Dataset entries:
*** Begin section ***

lemma coeff_char_poly_mat_trace:
  fixes A :: "'a::field_char_0 mat"
  assumes "A \<in> carrier_mat (Suc n) (Suc n)"
  shows "coeff (char_poly A) n = - mat_trace A"
  using assms
proof (induction n arbitrary: A)
  case 0
  then have "coeff (char_poly A) 0 = det (- char_matrix A 0)"
    using char_poly_matrix[OF 0, of 0] by (simp add: poly_0_coeff_0)
  also have "\<dots> = - mat_trace A"
    using 0 by (subst det_single) (auto simp: char_matrix_def mat_trace_def)
  finally show ?case .
next
  case (Suc n)
  note A = Suc.prems
  have "of_nat (Suc n) * coeff (char_poly A) (Suc n) = coeff (pderiv (char_poly A)) n"
    by (simp add: coeff_pderiv)
  also have "\<dots> = (\<Sum>i<Suc (Suc n). coeff (char_poly (mat_delete A i i)) n)"
    by (simp add: pderiv_char_poly[OF A] coeff_sum)
  also have "\<dots> = (\<Sum>i<Suc (Suc n). A $$ (i, i) - mat_trace A)"
  proof (rule sum.cong[OF refl])
    fix i assume "i \<in> {..<Suc (Suc n)}"
    then show "coeff (char_poly (mat_delete A i i)) n = A $$ (i, i) - mat_trace A"
      using Suc.IH[of "mat_delete A i i"] mat_delete_carrier[OF A] mat_trace_mat_delete[OF A]
      by simp
  qed
  also have "\<dots> = of_nat (Suc n) * - mat_trace A"
    using A by (simp add: sum_subtractf mat_trace_def algebra_simps)
  finally show ?case
    by (metis mult_left_cancel of_nat_eq_0_iff nat.distinct(1))
qed

lemma coeff_linear_factors:
  fixes as :: "'a::idom list"
  assumes "length as = Suc n"
  shows "coeff (\<Prod>a\<leftarrow>as. [:-a, 1:]) n = - sum_list as"
  using assms
proof (induction as arbitrary: n)
  case Nil
  then show ?case by simp
next
  case (Cons a as)
  let ?q = "\<Prod>a\<leftarrow>as. [:-a, 1:]"
  have "coeff (\<Prod>a\<leftarrow>a # as. [:-a, 1:]) n = - a * coeff ?q n + coeff (pCons 0 ?q) n"
    by simp
  moreover have "coeff ?q n = 1"
  proof -
    have "monic ?q" by (intro monic_prod_list) auto
    then show ?thesis using Cons.prems by (simp add: degree_linear_factors)
  qed
  moreover have "coeff (pCons 0 ?q) n = - sum_list as"
    using Cons by (cases n) auto
  ultimately show ?case by simp
qed

lemma linear_factors_two_values:
  fixes x y :: "'a::comm_ring_1"
  assumes "set as \<subseteq> {x, y}" and "x \<noteq> y"
  shows "(\<Prod>a\<leftarrow>as. [:-a, 1:]) = [:-x, 1:] ^ count_list as x * [:-y, 1:] ^ count_list as y"
  using assms by (induction as) (auto simp: algebra_simps)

*** End section ***

A copy of each line in the data above that holds the string "using" is needed.

#### RESULT
  using assms
    using char_poly_matrix[OF 0, of 0] by (simp add: poly_0_coeff_0)
    using 0 by (subst det_single) (auto simp: char_matrix_def mat_trace_def)
      using Suc.IH[of "mat_delete A i i"] mat_delete_carrier[OF A] mat_trace_mat_delete[OF A]
    using A by (simp add: sum_subtractf mat_trace_def algebra_simps)
  using assms
    then show ?thesis using Cons.prems by (simp add: degree_linear_factors)
    using Cons by (cases n) auto
  using assms by (induction as) (auto simp: algebra_simps)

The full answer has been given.